Keza, derginin 21. sayısında (Mayıs 1996) Yeşim Başaran tarafından yazılan "Nasıl bir eşcinsel hareket tartışmasına çağrı" başlıklı yazıda da aynı yaklaşımı görmek mümkün:
(...) medyadan eşcinseller hakkında homofobik olmayan bir program yapmasını beklemek ne derece anlamlıdır; bu tarz bir sonuç için çaba sarfetmek, sistemin içinde bir boşluk açmaya çalışıp, Aman, kimse bana dokunmasın!' anlayışıyla yerleşmek istemi değil de nedir? Eşcinsellerin, beyin prangalama aracı olan, köleleş- miş ruhları hergün yeniden üreten medyadan bekleyecek neleri olabilir ki? Görsel medyayı, ciddi bir iletişim aracı zannetmek, korkunç bir yanılgıdır, medyanın kokuşmuş sistemle bağıntısını görememek demektir ve/veya sistemden rahatsız olmamak demektir."
Yaklaşık bir buçukyıl arayla sarf edilen bu cümleler arasında benzer daha pek çok örnek bulmak mümkün. Kaos'un ilk yıllarında belirleyici olan, bugün de devam eden, sistem sorgulaması medya alanında da kendisini gösteriyor.

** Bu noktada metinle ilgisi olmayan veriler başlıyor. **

lemma similar_diag_mat:
  obtains Q Qi :: "real^'n^'n" and \<mu> where "Q ** Qi = mat 1" "Qi ** Q = mat 1"
    "W = Q ** diag_mat \<mu> ** Qi" "\<And>j. column j Q \<noteq> 0"
    "\<And>j. W *v column j Q = \<mu> j *\<^sub>R column j Q"
proof -
  obtain B where B: "independent B" "UNIV \<subseteq> span B" "\<And>b. b \<in> B \<Longrightarrow> \<exists>l. W *v b = l *\<^sub>R b"
    by (rule invariant_subspace_eigenvector_basis[OF subspace_UNIV]) auto
  have "finite B" using indep_card_eq_dim_span[OF B(1)] by simp
  moreover have "card B = CARD('n)"
    using basis_card_eq_dim[of B UNIV] B by (simp add: dim_UNIV)
  ultimately obtain e where e: "bij_betw e (UNIV::'n set) B"
    using finite_same_card_bij[of "UNIV::'n set" B] by auto
  then have eB: "e j \<in> B" for j by (auto simp: bij_betw_def)
  define \<mu> where "\<mu> j = (SOME l. W *v e j = l *\<^sub>R e j)" for j
  have eig: "W *v e j = \<mu> j *\<^sub>R e j" for j
    unfolding \<mu>_def using B(3)[OF eB] by (rule someI_ex)
  have e0: "e j \<noteq> 0" for j using eB[of j] B(1) dependent_zero by metis
  define Q :: "real^'n^'n" where "Q = (\<chi> i j. e j $ i)"
  have WQ: "W ** Q = Q ** diag_mat \<mu>"
    using eig by (simp add: Q_def diag_mat_def matrix_matrix_mult_def matrix_vector_mult_def
        vec_eq_iff if_distrib if_distribR sum.delta' mult.commute cong: if_cong)
  have "Q *v axis j 1 = e j" for j
    by (simp add: matrix_vector_mult_basis column_def Q_def vec_eq_iff)
  then have "B \<subseteq> range ((*v) Q)"
    using e by (auto simp: bij_betw_def) (metis rangeI)
  then have "span B \<subseteq> range ((*v) Q)"
    by (rule span_minimal[OF _ linear_subspace_image[OF matrix_vector_mul_linear subspace_UNIV]])
  then obtain Qi where QQi: "Q ** Qi = mat 1"
    using B(2) matrix_right_invertible_surjective[of Q] by blast
  then have "Qi ** Q = mat 1" using matrix_left_right_inverse by blast
  moreover have "W = Q ** diag_mat \<mu> ** Qi" by (metis QQi WQ matrix_mul_assoc matrix_mul_rid)
  moreover have "column j Q = e j" for j by (simp add: column_def Q_def vec_eq_iff)
  ultimately show ?thesis using QQi eig e0 that by simp
qed

lemma psd_similar_diag_mat:
  assumes psd: "\<And>x. x \<bullet> (S *v (W *v x)) \<ge> 0"
  obtains Q Qi :: "real^'n^'n" and \<mu> where "Q ** Qi = mat 1" "Qi ** Q = mat 1"
    "W = Q ** diag_mat \<mu> ** Qi" "\<And>j. \<mu> j \<ge> 0"
proof -
  obtain Q Qi :: "real^'n^'n" and \<mu> where "Q ** Qi = mat 1" "Qi ** Q = mat 1"
    "W = Q ** diag_mat \<mu> ** Qi"
    and v: "\<And>j. column j Q \<noteq> 0" "\<And>j. W *v column j Q = \<mu> j *\<^sub>R column j Q"
    using similar_diag_mat by blast
  moreover have "\<mu> j \<ge> 0" for j
  proof -
    have "0 \<le> \<mu> j * (column j Q \<bullet> (S *v column j Q))"
      using psd[of "column j Q"] v(2) by (simp add: matrix_vector_mult_scaleR)
    then show ?thesis using S_pos[OF v(1)[of j]] by (simp add: zero_le_mult_iff)
  qed
  ultimately show ?thesis using that by blast
qed

end

lemma rank_mult_transpose_self: "rank ((C::real^'n^'m) ** transpose C) = rank C"
proof -
  define T where "T = range ((*v) (transpose C))"
  have "subspace T" unfolding T_def
    by (rule linear_subspace_image[OF matrix_vector_mul_linear subspace_UNIV])
  have "inj_on ((*v) C) T"
  proof (rule inj_onI)
    fix x y assume "x \<in> T" "y \<in> T" and eq: "C *v x = C *v y"
    then obtain a b where "x = transpose C *v a" "y = transpose C *v b" by (auto simp: T_def)
    then have d: "x - y = transpose C *v (a - b)" "C *v (transpose C *v (a - b)) = 0"
      using eq by (simp_all add: matrix_vector_mult_diff_distrib)
    then have "(transpose C *v (a - b)) \<bullet> (transpose C *v (a - b)) = 0"
      by (metis inner_matrix_vector_transpose inner_zero_right)
    then show "x = y" using d(1) by simp
  qed
  then have "dim ((*v) C ` T) = dim T"
    using dim_image_eq[OF matrix_vector_mul_linear] span_eq_iff \<open>subspace T\<close> by metis
  moreover have "range ((*v) (C ** transpose C)) = (*v) C ` T"
    by (auto simp: T_def image_iff matrix_vector_mul_assoc[symmetric])
  ultimately show ?thesis
    using rank_dim_range[of "C ** transpose C"] rank_dim_range[of "transpose C", folded T_def]
    by (simp add: rank_transpose)
qed

lemma rank_centered_less: "rank (centered (X::real^'n^'p)) < CARD('n)"
proof -
  have "centered X *v (\<chi> j. 1) = 0"
    by (simp add: centered_def matrix_vector_mult_def vec_eq_iff sum_subtractf)
  moreover have "(\<chi> j. 1) \<noteq> (0::real^'n)" by (simp add: vec_eq_iff)
  ultimately have "\<not> inj ((*v) (centered X))"
    by (metis matrix_vector_mult_0_right inj_eq)
  then show ?thesis by (simp add: less_rank_noninjective)
qed

lemma pos_def_mat_matrix_inv:
  assumes "pos_def_mat (A::real^'n^'n)"
  shows "pos_def_mat (matrix_inv A)" "matrix_inv A ** A = mat 1"
proof -
  have sym: "transpose A = A" and pos: "\<And>x. x \<noteq> 0 \<Longrightarrow> x \<bullet> (A *v x) > 0"
    using assms by (auto simp: pos_def_mat_def)
  have "\<forall>x. A *v x = 0 \<longrightarrow> x = 0" using pos by (metis inner_zero_right less_irrefl)
  then have "invertible A"
    by (simp add: matrix_left_invertible_ker invertible_left_inverse)
  note inv = matrix_inv_left_right[OF this]
  then show "matrix_inv A ** A = mat 1" by simp
  have "transpose (matrix_inv A) = matrix_inv A"
    using matrix_inv_unique[of A "transpose (matrix_inv A)"] inv
    by (metis matrix_transpose_mul sym transpose_mat)
  moreover have "x \<bullet> (matrix_inv A *v x) > 0" if "x \<noteq> 0" for x
  proof -
    have "matrix_inv A *v x \<noteq> 0"
      using that inv by (metis matrix_vector_mul_assoc matrix_vector_mul_lid matrix_vector_mult_0_right)
    then show ?thesis
      using pos[of "matrix_inv A *v x"] inv by (simp add: matrix_vector_mul_assoc inner_commute)
  qed
  ultimately show "pos_def_mat (matrix_inv A)" by (simp add: pos_def_mat_def)
qed

lemma Wmat_similar_diag_mat:
  fixes X :: "real^'n^'p"
  assumes "pos_def_mat Sig"
    and "rank (inv_sqrt_mat Sig ** centered X) = min CARD('p) (CARD('n) - 1)"
  obtains Q Qi :: "real^'p^'p" and \<mu> where "Q ** Qi = mat 1" "Qi ** Q = mat 1"
    "Wmat X Sig = Q ** diag_mat \<mu> ** Qi" "\<And>j. \<mu> j \<ge> 0"
    "card {j. \<mu> j \<noteq> 0} = min CARD('p) (CARD('n) - 1)"
proof -
  define S C where "S = matrix_inv Sig" and "C = centered X"
  have S: "transpose S = S" "\<And>x. x \<noteq> 0 \<Longrightarrow> x \<bullet> (S *v x) > 0" "S ** Sig = mat 1"
    using pos_def_mat_matrix_inv[OF assms(1)] by (auto simp: S_def pos_def_mat_def)
  have W: "Wmat X Sig = C ** transpose C ** S" by (simp add: Wmat_def C_def S_def)
  have selfadjoint: "transpose (S ** Wmat X Sig) = S ** Wmat X Sig"
    by (simp add: W matrix_transpose_mul S(1) matrix_mul_assoc)
  have psd: "x \<bullet> (S *v (Wmat X Sig *v x)) \<ge> 0" for x
    using inner_matrix_vector_transpose[of "S *v x" C "transpose C *v (S *v x)"]
      inner_matrix_vector_transpose[of x S] S(1)
    by (simp add: W matrix_vector_mul_assoc[symmetric] matrix_mul_assoc)
  interpret selfadjoint_wrt S "Wmat X Sig"
    using S(1,2) selfadjoint by unfold_locales
  obtain Q Qi :: "real^'p^'p" and \<mu> where QQi: "Q ** Qi = mat 1" "Qi ** Q = mat 1"
      and Wd: "Wmat X Sig = Q ** diag_mat \<mu> ** Qi" and "\<And>j. \<mu> j \<ge> 0"
    using psd_similar_diag_mat[OF psd] by blast
  moreover have "rank C = min CARD('p) (CARD('n) - 1)"
    using rank_centered_less[of X] rank_bound[of C] rank_mul_le_right[of "inv_sqrt_mat Sig" C]
      assms(2) unfolding C_def by linarith
  then have "card {j. \<mu> j \<noteq> 0} = min CARD('p) (CARD('n) - 1)"
    using W Wd rank_similar[OF QQi] rank_diag_mat rank_mult_right_invertible[OF S(3)]
      rank_mult_transpose_self by metis
  ultimately show ?thesis using that by blast
qed

definition spectral_weight :: "real \<Rightarrow> ('n::finite \<Rightarrow> real) \<Rightarrow> real \<Rightarrow> real" where
  "spectral_weight N \<mu> \<alpha> =
     (N * (\<Sum>j\<in>UNIV. 1 / (\<mu> j + \<alpha>)) + \<alpha> * (\<Sum>j\<in>UNIV. 1 / (\<mu> j + \<alpha>))\<^sup>2)
     / (\<Sum>j\<in>UNIV. \<mu> j / (\<mu> j + \<alpha>)\<^sup>2)"

lemma a_S_similar_diag_mat:
  fixes Q Qi :: "real^'p^'p"
  assumes "Q ** Qi = mat 1" "Qi ** Q = mat 1" and "\<And>j. \<mu> j + \<alpha> \<noteq> 0"
  shows "a_S (Q ** diag_mat \<mu> ** Qi) n \<alpha> c0
         = spectral_weight (real n - real CARD('p) - 1) \<mu> \<alpha> - (2 * c0 + 1)"
proof -
  note similar = matrix_inv_similar_diag_shift[OF assms] similar_mult[OF assms(1,2)]
    trace_similar[OF assms(1,2)]
  have "(\<Sum>j\<in>UNIV. 1 / (\<mu> j + \<alpha>) * (1 / (\<mu> j + \<alpha>)) * \<mu> j) = (\<Sum>j\<in>UNIV. \<mu> j / (\<mu> j + \<alpha>)\<^sup>2)"
    by (simp add: power2_eq_square)
  then show ?thesis
    by (simp add: a_S_def spectral_weight_def similar diag_mat_mult trace_diag_mat)
qed

lemma spectral_weight_split_zero_eigenvalues:
  fixes \<mu> :: "'n::finite \<Rightarrow> real"
  assumes "\<alpha> > 0"
  defines "P \<equiv> {j. \<mu> j \<noteq> 0}" and "k \<equiv> real (card {j. \<mu> j = 0})"
  shows "spectral_weight N \<mu> \<alpha>
         = ((N + 2 * k) * (\<Sum>j\<in>P. 1 / (\<mu> j + \<alpha>)) + \<alpha> * (\<Sum>j\<in>P. 1 / (\<mu> j + \<alpha>))\<^sup>2
            + k * (N + k) / \<alpha>) / (\<Sum>j\<in>P. \<mu> j / (\<mu> j + \<alpha>)\<^sup>2)"
proof -
  have split: "sum f UNIV = sum f P + sum f {j. \<mu> j = 0}" for f :: "'n \<Rightarrow> real"
    by (subst sum.union_disjoint[symmetric]) (auto simp: P_def intro: sum.cong)
  define a where "a = (\<Sum>j\<in>P. 1 / (\<mu> j + \<alpha>))"
  have "(\<Sum>j\<in>UNIV. 1 / (\<mu> j + \<alpha>)) = a + k / \<alpha>"
    by (simp add: split[of "\<lambda>j. 1 / (\<mu> j + \<alpha>)"] k_def a_def)
  moreover have "(\<Sum>j\<in>UNIV. \<mu> j / (\<mu> j + \<alpha>)\<^sup>2) = (\<Sum>j\<in>P. \<mu> j / (\<mu> j + \<alpha>)\<^sup>2)"
    by (simp add: split[of "\<lambda>j. \<mu> j / (\<mu> j + \<alpha>)\<^sup>2"])
  moreover have "N * (a + k / \<alpha>) + \<alpha> * (a + k / \<alpha>)\<^sup>2 = (N + 2 * k) * a + \<alpha> * a\<^sup>2 + k * (N + k) / \<alpha>"
    using assms(1) by (simp add: field_simps power2_eq_square)
  ultimately show ?thesis by (simp add: spectral_weight_def a_def)
qed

Bu dönemde Kaos grubu ana akım medya organlarıyla olabildiğince az görüşüyor, anlattıklarının doğru bir şekilde aktarılacağından emin olmadan konuşmuyor, bundan emin olmak için de yine sistem dışında varolmaya çalışan medya organlarına başvuruyor. Bu noktada, Kaos'un medyayla ilişkisindeki handikaplardan birinden bahsedebiliriz. Tuğba Özkan'ın "Türkiye'de eşcinsellik ve Kaos GL grubu" adlı yüksek lisans tezinde başka bir açıdan da değindiği gibi, "mesajı doğru iletme kaygısı" ya da "doğru mesajı iletme kaygısı", hareket içinde zaman zaman fazla steril bir eğilimin baskın hâle gelmesine neden olabiliyor. Zihinlerdeki o klişe eşcinsel imajından (efemine erkek, erkeksi kadın, saldırgan trans, vb) uzaklaşmaya çalışıldıkça, tam da o imaja denk düşen kişilerin sözlerinin daha geri planda kalması gibi bir tehlike ortaya çıkmakta. Benzer bir örnekle, uluslararası homofobi karşıtı gün vesilesiyle Fransa'da Grenoble Belediyesi'nin düzenlediği bir belgesel gösterimi sonrasında karşılaştım. Yönetmen "belgeselde, eşcinsel klişelere yer vermemeye çalıştık, kareli gömlekli, kamyoncu tipli bir lez- biyen olsun istemedik" dediğinde salonda bulunan "kamyoncu lezbiyenler"den biri bu ifadeden ne kadar rahatsız olduğunu dile getirdi ve "biz de varız" diye bitirdi sözlerini. Bu, "ötekinin ötekisi"tuzağına düşmeden çözülmesi gereken bir sorun olarak düşünülebilir.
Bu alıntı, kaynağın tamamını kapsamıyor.